[Collected data]
lemma emeasure_cube_le_dyadic_shells:
  assumes sets_M: "sets M = sets lebesgue" and "0 \<le> \<tau>" "0 \<le> T" "0 < \<beta>" "0 \<le> K"
    and shell: "\<And>t. \<tau> < t \<Longrightarrow> t \<le> T \<Longrightarrow>
      emeasure M (cube z t - cube z (t / 2)) \<le> ennreal (K * t powr \<beta>)"
  shows "emeasure M (cube z T) \<le> emeasure M (cube z \<tau>) + ennreal (K * T powr \<beta> / (1 - 1 / 2 powr \<beta>))"
proof -
  define S where "S k = (if \<tau> < T / 2^k then cube z (T / 2^k) - cube z (T / 2^k / 2) else {})" for k :: nat
  have S_sets: "S k \<in> sets M" for k
    unfolding S_def sets_M by simp
  have "cube z T \<subseteq> cube z \<tau> \<union> (\<Union>k. S k)"
  proof
    fix y assume "y \<in> cube z T"
    then show "y \<in> cube z \<tau> \<union> (\<Union>k. S k)"
      using mem_dyadic_shell[OF \<open>0 \<le> \<tau>\<close>, of y z T] by (auto simp: S_def)
  qed
  then have "emeasure M (cube z T) \<le> emeasure M (cube z \<tau> \<union> (\<Union>k. S k))"
    using S_sets by (intro emeasure_mono) (auto simp: sets_M)
  also have "\<dots> \<le> emeasure M (cube z \<tau>) + (\<Sum>k. emeasure M (S k))"
    using S_sets emeasure_subadditive_countably[of S M]
    by (intro order.trans[OF emeasure_subadditive] add_left_mono) (auto simp: sets_M)
  also have "(\<Sum>k. emeasure M (S k)) \<le> (\<Sum>k. ennreal (K * T powr \<beta> * (1 / 2 powr \<beta>)^k))"
  proof (intro suminf_le)
    fix k :: nat
    have "T * 1 \<le> T * 2^k" using \<open>0 \<le> T\<close> by (intro mult_left_mono) auto
    then have "T / 2^k \<le> T" by (simp add: divide_le_eq)
    then show "emeasure M (S k) \<le> ennreal (K * T powr \<beta> * (1 / 2 powr \<beta>)^k)"
      using shell[of "T / 2^k"] powr_divide_power2[OF \<open>0 \<le> T\<close>, of k \<beta>]
      by (simp add: S_def mult.assoc)
  qed auto
  also have "\<dots> = ennreal (K * T powr \<beta> / (1 - 1 / 2 powr \<beta>))"
    using assms by (intro suminf_geometric_ennreal) auto
  finally show ?thesis by (simp add: add_left_mono)
qed

lemma emeasure_le_card_cover:
  fixes X :: real
  assumes "finite C" "S \<in> sets M" "\<And>c. c \<in> C \<Longrightarrow> B c \<in> sets M" "S \<subseteq> (\<Union>c\<in>C. B c)"
    and bound: "\<And>c. c \<in> C \<Longrightarrow> B c \<inter> S \<noteq> {} \<Longrightarrow> emeasure M (B c) \<le> ennreal X" and "0 \<le> X"
  shows "emeasure M S \<le> ennreal (card C * X)"
proof -
  have "emeasure M S \<le> emeasure M (\<Union>c\<in>C. B c \<inter> S)"
    using assms by (intro emeasure_mono sets.finite_UN) auto
  also have "\<dots> \<le> (\<Sum>c\<in>C. emeasure M (B c \<inter> S))"
    using assms by (intro emeasure_subadditive_finite) auto
  also have "\<dots> \<le> (\<Sum>c\<in>C. ennreal X)"
  proof (intro sum_mono)
    fix c assume "c \<in> C"
    show "emeasure M (B c \<inter> S) \<le> ennreal X"
    proof (cases "B c \<inter> S = {}")
      case False
      then have "emeasure M (B c \<inter> S) \<le> emeasure M (B c)"
        using assms \<open>c \<in> C\<close> by (intro emeasure_mono) auto
      also have "\<dots> \<le> ennreal X" using bound \<open>c \<in> C\<close> False by blast
      finally show ?thesis .
    qed simp
  qed
  also have "\<dots> = ennreal (card C * X)"
    using \<open>0 \<le> X\<close> by (simp add: ennreal_mult ennreal_of_nat_eq_real_of_nat)
  finally show ?thesis .
qed

section \<open>Whitney cubes and cubes centred on a set\<close>

definition whitney_cubes :: "real \<Rightarrow> real \<Rightarrow> 'a::euclidean_space set \<Rightarrow> 'a set set" where
  "whitney_cubes r1 r2 \<Lambda> =
     {Q \<in> all_cubes. r1 * diameter Q \<le> setdist Q \<Lambda> \<and> setdist Q \<Lambda> \<le> r2 * diameter Q}"

definition centred_cubes :: "'a::euclidean_space set \<Rightarrow> 'a set set" where
  "centred_cubes \<Lambda> = {cube c r | c r. c \<in> \<Lambda> \<and> r > 0}"

lemma cube_in_whitney_cubesI:
  fixes e :: "'a::euclidean_space"
  assumes "0 < s" "0 \<le> r1" "0 \<le> r2"
    and "r1 * (real DIM('a) * (2 * s)) \<le> setdist (cube e s) \<Lambda>" "setdist (cube e s) \<Lambda> \<le> r2 * (2 * s)"
  shows "cube e s \<in> whitney_cubes r1 r2 \<Lambda>"
proof -
  have "r1 * diameter (cube e s) \<le> r1 * (real DIM('a) * (2 * s))"
    using diameter_cube(2)[OF \<open>0 < s\<close>] \<open>0 \<le> r1\<close> by (rule mult_left_mono)
  moreover have "r2 * (2 * s) \<le> r2 * diameter (cube e s)"
    using diameter_cube(1)[OF \<open>0 < s\<close>] \<open>0 \<le> r2\<close> by (rule mult_left_mono)
  ultimately show ?thesis
    using assms by (auto simp: whitney_cubes_def all_cubes_def)
qed

lemma whitney_cube_subset_centred_cube:
  fixes \<Lambda> :: "'a::euclidean_space set"
  assumes Q: "Q \<in> whitney_cubes r1 r2 \<Lambda>" and "0 < r1" "0 \<le> r2"
  obtains x e s where "x \<in> \<Lambda>" "Q = cube e s" "0 < s"
    "Q \<subseteq> cube x ((2 + real DIM('a) * (1 + 2 * r2)) * s)"
proof -
  obtain e s where Qe: "Q = cube e s" and "0 < s"
    using Q by (auto simp: whitney_cubes_def all_cubes_def)
  have lower: "r1 * diameter Q \<le> setdist Q \<Lambda>" and upper: "setdist Q \<Lambda> \<le> r2 * diameter Q"
    using Q by (auto simp: whitney_cubes_def)
  have "0 < r1 * diameter Q"
    using diameter_cube(1)[OF \<open>0 < s\<close>, of e] \<open>0 < r1\<close> \<open>0 < s\<close> Qe by simp
  then have "\<Lambda> \<noteq> {}" using lower by auto
  have "r2 * diameter Q \<le> r2 * (real DIM('a) * (2 * s))"
    using diameter_cube(2)[OF \<open>0 < s\<close>, of e] \<open>0 \<le> r2\<close> Qe by (simp add: mult_left_mono)
  then have "setdist Q \<Lambda> \<le> r2 * (real DIM('a) * (2 * s))" using upper by linarith
  then have "setdist Q \<Lambda> < r2 * (real DIM('a) * (2 * s)) + s" using \<open>0 < s\<close> by linarith
  moreover have "Q \<noteq> {}" using centre_mem_cube[of s e] \<open>0 < s\<close> Qe by auto
  ultimately obtain q x where q: "q \<in> Q" and x: "x \<in> \<Lambda>"
    and qx: "dist q x < r2 * (real DIM('a) * (2 * s)) + s"
    by (rule setdist_ltE) (use \<open>\<Lambda> \<noteq> {}\<close> in auto)
  have "norm (e - x) \<le> norm (e - q) + dist q x"
    using norm_triangle_ineq[of "e - q" "q - x"] by (simp add: dist_norm)
  moreover have "norm (e - q) \<le> real DIM('a) * s"
    using norm_le_of_mem_cube[of q e s] q Qe by (simp add: norm_minus_commute)
  ultimately have "norm (e - x) + s \<le> (2 + real DIM('a) * (1 + 2 * r2)) * s"
    using qx by (simp add: algebra_simps)
  then show ?thesis
    using that[OF x Qe \<open>0 < s\<close>] cube_subset_cube Qe by blast
qed

section \<open>Morrey suprema of measures\<close>

lemma ennroot_mono:
  assumes "0 < p" "x \<le> y"
  shows "ennroot p x \<le> ennroot p y"
proof (cases "y = \<infinity>")
  case False
  then have "x \<noteq> \<infinity>" using assms(2) by (metis infinity_ennreal_def neq_top_trans)
  have "enn2real x \<le> enn2real y"
    using assms(2) False by (intro enn2real_mono) (auto simp: top.not_eq_extremum)
  then have "enn2real x powr (1 / p) \<le> enn2real y powr (1 / p)"
    using assms(1) by (intro powr_mono2) auto
  then show ?thesis using False \<open>x \<noteq> \<infinity>\<close> by (simp add: ennroot_def ennreal_leI)
qed (simp add: ennroot_def)

lemma ennroot_ennreal: "0 \<le> a \<Longrightarrow> ennroot p (ennreal a) = ennreal (a powr (1 / p))"
  by (simp add: ennroot_def)

definition morrey_sup :: "real \<Rightarrow> real \<Rightarrow> 'a::euclidean_space set set \<Rightarrow> 'a measure \<Rightarrow> ennreal" where
  "morrey_sup p lam G M =
     (SUP Q\<in>G. ennroot p (ennreal (1 / measure lebesgue Q powr lam) * emeasure M Q))"
theorem theorem4p1:
  fixes n :: nat and R S1 S2 :: "complex mat"
  assumes "n \<ge> 4"
    and "R \<in> carrier_mat 3 3" "S1 \<in> carrier_mat 3 3" "S2 \<in> carrier_mat 3 3"
    and "invertible_mat R" "invertible_mat S1" "invertible_mat S2"
    and "UV2_rep n (\<lambda>i. blk n i R) (\<lambda>i t. if t = 1 then blk n i S1 else blk n i S2)"
    and "\<not> (\<forall>i\<in>{1..n-1}. blk n i R = 1\<^sub>m (n+1) \<and> blk n i S1 = 1\<^sub>m (n+1) \<and> blk n i S2 = 1\<^sub>m (n+1))"
  shows "\<exists>P R' S1' S2'. P \<in> carrier_mat (n+1) (n+1) \<and> invertible_mat P \<and>
     (fam1 R' S1' S2' \<or> fam2 R' S1' S2' \<or> fam3 R' S1' S2' \<or> fam4 R' S1' S2') \<and>
     (\<forall>i\<in>{1..n-1}. P * blk n i R = blk n i R' * P \<and>
                     P * blk n i S1 = blk n i S1' * P \<and>
                     P * blk n i S2 = blk n i S2' * P)"
proof -
  have "UV2_rep n (\<lambda>i. blk n i R) (\<lambda>i t. blk n i (if t = 1 then S1 else S2))"
    using assms(8) by (simp only: if_distrib)
  from UV2_rep_local_relations[OF assms(1) this, of 1] UV2_rep_local_relations[OF assms(1) this, of 2]
  have rho: "rho_relations R" and sigma: "sigma_relations R S1" "sigma_relations R S2"
    by auto
  have all: "\<forall>S\<in>{S1,S2}. sigma_relations R S \<and> S \<in> carrier_mat 3 3 \<and> invertible_mat S"
    using sigma assms(3,4,6,7) by auto
  have "R \<noteq> 1\<^sub>m 3"
  proof
    assume "R = 1\<^sub>m 3"
    moreover have "S1 = 1\<^sub>m 3" "S2 = 1\<^sub>m 3"
      using sigma_identity_shape[OF sigma(1) assms(3) \<open>R = 1\<^sub>m 3\<close>]
        sigma_identity_shape[OF sigma(2) assms(4) \<open>R = 1\<^sub>m 3\<close>] by auto
    ultimately show False using assms(9) by (simp add: blk_one)
  qed
  with rho_relations_cases[OF assms(2) rho]
    fam1I[OF _ all] fam2I[OF _ all] fam3I[OF _ all] fam4I[OF _ all]
  have "fam1 R S1 S2 \<or> fam2 R S1 S2 \<or> fam3 R S1 S2 \<or> fam4 R S1 S2"
    by iprover
  moreover have "1\<^sub>m (n+1) * blk n i A = blk n i A * 1\<^sub>m (n+1)" for i A
    using blk_carrier[of n i A] by simp
  ultimately show ?thesis
    using invertible_mat_one[of "n+1"]
    by (intro exI[of _ "1\<^sub>m (n+1)"] exI[of _ R] exI[of _ S1] exI[of _ S2]) simp
qed

end
(* Let $\mathcal H$ be a real Hilbert space. Let $(T_i)_{i\in I}$ be a finite family of nonexpansive operators from $\mathcal H$ to $\mathcal H$ such that $\bigcap_{i\in I}\mathrm{Fix}\,T_i\neq\varnothing$, and let $(\alpha_i)_{i\in I}$ be real numbers in $\left]0,1\right[$ such that, for every $i\in I$, $T_i$ is $\alpha_i$-averaged. Let $p$ be a strictly positive integer, for every $k\in\{1,\ldots,p\}$ let $m_k$ be a strictly positive integer and let $\omega_k\in\left]0,1\right]$, and suppose that $\mathrm{i}\colon\{(k,l)\mid k\in\{1,\ldots,p\},\,l\in\{1,\ldots,m_k\}\}\to I$ is surjective and that $\sum_{k=1}^{p}\omega_k=1$. Define $$T=\sum_{k=1}^{p}\omega_kT_{\mathrm{i}(k,1)}\cdots T_{\mathrm{i}(k,m_k)}.$$ Then: (i) Setting $$\alpha=\sum_{k=1}^{p}\dfrac{\omega_k}{1+\dfrac{1}{\sum_{i=1}^{m_k}\dfrac{\alpha_{\mathrm{i}(k,i)}}{1-\alpha_{\mathrm{i}(k,i)}}}},$$ $T$ is $\alpha$-averaged and $\mathrm{Fix}\,T=\bigcap_{i\in I}\mathrm{Fix}\,T_i$. (ii) Let $(\lambda_n)_{n\in\mathbb N}$ be a sequence in $\left]0,1/\alpha\right[$ (with $\alpha$ as in (i)) such that $\sum_{n\in\mathbb N}\lambda_n(1/\alpha-\lambda_n)=+\infty$, let $x_0\in\mathcal H$, and set $x_{n+1}=x_n+\lambda_n(Tx_n-x_n)$ for every $n\in\mathbb N$. Then $(x_n)_{n\in\mathbb N}$ converges weakly to a point in $\bigcap_{i\in I}\mathrm{Fix}\,T_i$.
   Context: An operator $T\colon D\to\mathcal H$ ($D\subset\mathcal H$ nonempty) is nonexpansive if it is 1-Lipschitz. For $\alpha\in\left]0,1\right[$, a nonexpansive $T$ is $\alpha$-averaged if there exists a nonexpansive $R\colon D\to\mathcal H$ with $T=(1-\alpha)\mathrm{Id}+\alpha R$. $\mathrm{Fix}\,T=\{x\mid Tx=x\}$. *)

theory Defs
  imports "HOL-Analysis.Analysis"
begin

definition nonexpansive :: "('a::real_normed_vector \<Rightarrow> 'a) \<Rightarrow> bool" where
  "nonexpansive T \<longleftrightarrow> (\<forall>x y. norm (T x - T y) \<le> norm (x - y))"

definition averaged :: "real \<Rightarrow> ('a::real_normed_vector \<Rightarrow> 'a) \<Rightarrow> bool" where
  "averaged \<alpha> T \<longleftrightarrow> 0 < \<alpha> \<and> \<alpha> < 1 \<and> nonexpansive T \<and>
     (\<exists>R. nonexpansive R \<and> T = (\<lambda>x. (1 - \<alpha>) *\<^sub>R x + \<alpha> *\<^sub>R R x))"

definition Fix :: "('a \<Rightarrow> 'a) \<Rightarrow> 'a set" where
  "Fix T = {x. T x = x}"

definition weakly_converges :: "(nat \<Rightarrow> 'a::real_inner) \<Rightarrow> 'a \<Rightarrow> bool" where
  "weakly_converges x z \<longleftrightarrow> (\<forall>y. (\<lambda>n. inner (x n) y) \<longlonglongrightarrow> inner z y)"

text \<open>Composition T_{i(k,1)} o ... o T_{i(k,m)} (the rightmost is applied first).\<close>
definition comp_chain :: "('i \<Rightarrow> 'a \<Rightarrow> 'a) \<Rightarrow> (nat \<Rightarrow> 'i) \<Rightarrow> nat \<Rightarrow> 'a \<Rightarrow> 'a" where
  "comp_chain T ix m = foldr (\<circ>) (map (\<lambda>l. T (ix l)) [1..<m+1]) id"

end

theory Submission
  imports Defs "HOL-Library.Diagonal_Subsequence"
begin

text \<open>Write \<open>b = \<alpha> / (1 - \<alpha>)\<close>. An operator is \<open>\<alpha>\<close>-averaged iff
  \<open>b \<parallel>T x - T y\<parallel>\<^sup>2 + \<parallel>(x - T x) - (y - T y)\<parallel>\<^sup>2 \<le> b \<parallel>x - y\<parallel>\<^sup>2\<close>; in this form the constants \<open>b\<close>
  add up along compositions, which gives the averagedness constant of each chain
  \<open>T (idx k 1) \<circ> \<dots> \<circ> T (idx k (m k))\<close>, and a convex combination of averaged operators is averaged
  with the convex combination of the constants. Averaged operators with a common fixed point \<open>z\<close>
  move every non-fixed point strictly closer to \<open>z\<close>; this property survives compositions and
  convex combinations and pins down their fixed point sets.

  Part (ii) is the Krasnosel'skii--Mann theorem for \<open>T = (1 - \<alpha>) Id + \<alpha> R\<close>: the iterates are
  Fejer monotone with respect to \<open>Fix T\<close> and asymptotically regular, so by demiclosedness of
  \<open>Id - R\<close> every weak sequential cluster point is a fixed point, and Opial's argument shows
  that there is only one. Weak sequential compactness of bounded sequences is derived from the
  projection theorem by a diagonal argument and the Riesz representation theorem.\<close>

lemma power2_norm_convex_combination:
  fixes u v :: "'a::real_inner"
  shows "(norm ((1 - t) *\<^sub>R u + t *\<^sub>R v))\<^sup>2
    = (1 - t) * (norm u)\<^sup>2 + t * (norm v)\<^sup>2 - t * (1 - t) * (norm (u - v))\<^sup>2"
  unfolding power2_norm_eq_inner
  by (simp add: inner_diff_left inner_diff_right inner_add_left inner_add_right
      inner_commute algebra_simps)

section \<open>Averaged operators\<close>

lemma nonexpansive_relaxation:
  fixes R :: "'a::real_normed_vector \<Rightarrow> 'a"
  assumes "nonexpansive R" and "0 \<le> \<alpha>" and "\<alpha> \<le> 1"
  shows "nonexpansive (\<lambda>x. (1 - \<alpha>) *\<^sub>R x + \<alpha> *\<^sub>R R x)"
  unfolding nonexpansive_def
proof (intro allI)
  fix x y
  have "norm (((1 - \<alpha>) *\<^sub>R x + \<alpha> *\<^sub>R R x) - ((1 - \<alpha>) *\<^sub>R y + \<alpha> *\<^sub>R R y))
      = norm ((1 - \<alpha>) *\<^sub>R (x - y) + \<alpha> *\<^sub>R (R x - R y))"
    by (simp add: algebra_simps)
  also have "\<dots> \<le> (1 - \<alpha>) * norm (x - y) + \<alpha> * norm (R x - R y)"
    using norm_triangle_ineq[of "(1 - \<alpha>) *\<^sub>R (x - y)" "\<alpha> *\<^sub>R (R x - R y)"] assms(2,3) by simp
  also have "\<dots> \<le> (1 - \<alpha>) * norm (x - y) + \<alpha> * norm (x - y)"
    using assms unfolding nonexpansive_def by (intro add_left_mono mult_left_mono) auto
  finally show "norm (((1 - \<alpha>) *\<^sub>R x + \<alpha> *\<^sub>R R x) - ((1 - \<alpha>) *\<^sub>R y + \<alpha> *\<^sub>R R y)) \<le> norm (x - y)"
    by (simp add: algebra_simps)
qed

lemma averagedI:
  assumes "0 < \<alpha>" and "\<alpha> < 1" and "nonexpansive R"
    and "T = (\<lambda>x. (1 - \<alpha>) *\<^sub>R x + \<alpha> *\<^sub>R R x)"
  shows "averaged \<alpha> T"
  using assms nonexpansive_relaxation[of R \<alpha>] unfolding averaged_def by auto

lemma averaged_bounds:
  assumes "averaged \<alpha> T"
  shows "0 < \<alpha>" and "\<alpha> < 1"
  using assms unfolding averaged_def by simp_all

text \<open>With \<open>b = \<alpha> / (1 - \<alpha>)\<close>, this is the characterisation of \<open>\<alpha>\<close>-averagedness
  \<open>\<parallel>T x - T y\<parallel>\<^sup>2 + (1 - \<alpha>) / \<alpha> \<parallel>(x - T x) - (y - T y)\<parallel>\<^sup>2 \<le> \<parallel>x - y\<parallel>\<^sup>2\<close>, multiplied by \<open>b\<close>.\<close>

definition averaging_ineq :: "real \<Rightarrow> ('a::real_inner \<Rightarrow> 'a) \<Rightarrow> bool" where
  "averaging_ineq b T \<longleftrightarrow> (\<forall>x y.
     b * (norm (T x - T y))\<^sup>2 + (norm ((x - T x) - (y - T y)))\<^sup>2 \<le> b * (norm (x - y))\<^sup>2)"

lemma averaged_imp_averaging_ineq:
  fixes T :: "'a::real_inner \<Rightarrow> 'a"
  assumes "averaged \<alpha> T"
  shows "averaging_ineq (\<alpha> / (1 - \<alpha>)) T"
  unfolding averaging_ineq_def
proof (intro allI)
  fix x y :: 'a
  obtain R where "nonexpansive R" and T: "T = (\<lambda>x. (1 - \<alpha>) *\<^sub>R x + \<alpha> *\<^sub>R R x)"
    and "0 < \<alpha>" "\<alpha> < 1"
    using assms unfolding averaged_def by blast
  define u where "u = x - y"
  define r where "r = R x - R y"
  have "norm r \<le> norm u"
    using \<open>nonexpansive R\<close> unfolding nonexpansive_def u_def r_def by blast
  then have "(norm r)\<^sup>2 \<le> (norm u)\<^sup>2"
    by (simp add: power_mono)
  have "T x - T y = (1 - \<alpha>) *\<^sub>R u + \<alpha> *\<^sub>R r"
    by (simp add: T u_def r_def algebra_simps)
  then have Tdiff: "(norm (T x - T y))\<^sup>2
      = (1 - \<alpha>) * (norm u)\<^sup>2 + \<alpha> * (norm r)\<^sup>2 - \<alpha> * (1 - \<alpha>) * (norm (u - r))\<^sup>2"
    by (simp add: power2_norm_convex_combination)
  have "(x - T x) - (y - T y) = \<alpha> *\<^sub>R (u - r)"
    by (simp add: T u_def r_def algebra_simps)
  then have "\<alpha> / (1 - \<alpha>) * (norm (T x - T y))\<^sup>2 + (norm ((x - T x) - (y - T y)))\<^sup>2
      = \<alpha> / (1 - \<alpha>) * ((1 - \<alpha>) * (norm u)\<^sup>2 + \<alpha> * (norm r)\<^sup>2
          - \<alpha> * (1 - \<alpha>) * (norm (u - r))\<^sup>2) + \<alpha>\<^sup>2 * (norm (u - r))\<^sup>2"
    by (simp add: Tdiff power_mult_distrib)
  also have "\<dots> = \<alpha> * (norm u)\<^sup>2 + \<alpha>\<^sup>2 / (1 - \<alpha>) * (norm r)\<^sup>2"
    using \<open>\<alpha> < 1\<close> by (simp add: field_simps power2_eq_square)
  also have "\<dots> \<le> \<alpha> * (norm u)\<^sup>2 + \<alpha>\<^sup>2 / (1 - \<alpha>) * (norm u)\<^sup>2"
    using \<open>\<alpha> < 1\<close> \<open>(norm r)\<^sup>2 \<le> (norm u)\<^sup>2\<close> by (intro add_left_mono mult_left_mono) auto
  also have "\<dots> = \<alpha> / (1 - \<alpha>) * (norm (x - y))\<^sup>2"
    using \<open>\<alpha> < 1\<close> by (simp add: u_def field_simps power2_eq_square)
  finally show "\<alpha> / (1 - \<alpha>) * (norm (T x - T y))\<^sup>2 + (norm ((x - T x) - (y - T y)))\<^sup>2
      \<le> \<alpha> / (1 - \<alpha>) * (norm (x - y))\<^sup>2" .
qed

lemma averaging_ineq_imp_averaged:
  fixes T :: "'a::real_inner \<Rightarrow> 'a"
  assumes ineq: "averaging_ineq b T" and "0 < b"
  shows "averaged (b / (1 + b)) T"
proof (rule averagedI)
  define \<alpha> where "\<alpha> = b / (1 + b)"
  show "0 < \<alpha>" "\<alpha> < 1"
    using \<open>0 < b\<close> by (simp_all add: \<alpha>_def)
  \<comment> \<open>\<open>R = (1 / \<alpha>) T - (1 / b) Id\<close> solves \<open>T = (1 - \<alpha>) Id + \<alpha> R\<close>.\<close>
  define t where "t = (1 + b) / b"
  define R where "R x = t *\<^sub>R T x + (1 - t) *\<^sub>R x" for x
  have "b + b * b \<noteq> 0"
    using \<open>0 < b\<close> by (smt (verit) mult_pos_pos)
  then have "\<alpha> * t = 1" "(1 - \<alpha>) + \<alpha> * (1 - t) = 0"
    using \<open>0 < b\<close> by (simp_all add: \<alpha>_def t_def field_simps)
  moreover have "(1 - \<alpha>) *\<^sub>R x + \<alpha> *\<^sub>R R x = (\<alpha> * t) *\<^sub>R T x + ((1 - \<alpha>) + \<alpha> * (1 - t)) *\<^sub>R x" for x
    by (simp add: R_def algebra_simps)
  ultimately show "T = (\<lambda>x. (1 - \<alpha>) *\<^sub>R x + \<alpha> *\<^sub>R R x)"
    by simp
  show "nonexpansive R"
    unfolding nonexpansive_def
  proof (intro allI)
    fix x y :: 'a
    define u where "u = x - y"
    define v where "v = T x - T y"
    have "b * (norm v)\<^sup>2 + (norm (u - v))\<^sup>2 \<le> b * (norm u)\<^sup>2"
      using ineq unfolding averaging_ineq_def u_def v_def by (simp add: algebra_simps)
    have "R x - R y = (1 - t) *\<^sub>R u + t *\<^sub>R v"
      by (simp add: R_def u_def v_def algebra_simps)
    then have "(norm (R x - R y))\<^sup>2 = (1 - t) * (norm u)\<^sup>2 + t * (norm v)\<^sup>2 - t * (1 - t) * (norm (u - v))\<^sup>2"
      by (simp add: power2_norm_convex_combination)
    also have "\<dots> = ((1 + b) * (b * (norm v)\<^sup>2 + (norm (u - v))\<^sup>2) - b * (norm u)\<^sup>2) / b\<^sup>2"
      using \<open>0 < b\<close> by (simp add: t_def field_simps power2_eq_square)
    also have "\<dots> \<le> ((1 + b) * (b * (norm u)\<^sup>2) - b * (norm u)\<^sup>2) / b\<^sup>2"
      using \<open>0 < b\<close> \<open>b * (norm v)\<^sup>2 + (norm (u - v))\<^sup>2 \<le> b * (norm u)\<^sup>2\<close>
      by (intro divide_right_mono diff_right_mono mult_left_mono) auto
    also have "\<dots> = (norm u)\<^sup>2"
      using \<open>0 < b\<close> by (simp add: field_simps power2_eq_square)
    finally show "norm (R x - R y) \<le> norm (x - y)"
      unfolding u_def by (rule power2_le_imp_le) simp
  qed
qed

Work to complete
Return every line above where "linarith" appears.

Response to the exercise
  then have "setdist Q \<Lambda> \<le> r2 * (real DIM('a) * (2 * s))" using upper by linarith
  then have "setdist Q \<Lambda> < r2 * (real DIM('a) * (2 * s)) + s" using \<open>0 < s\<close> by linarith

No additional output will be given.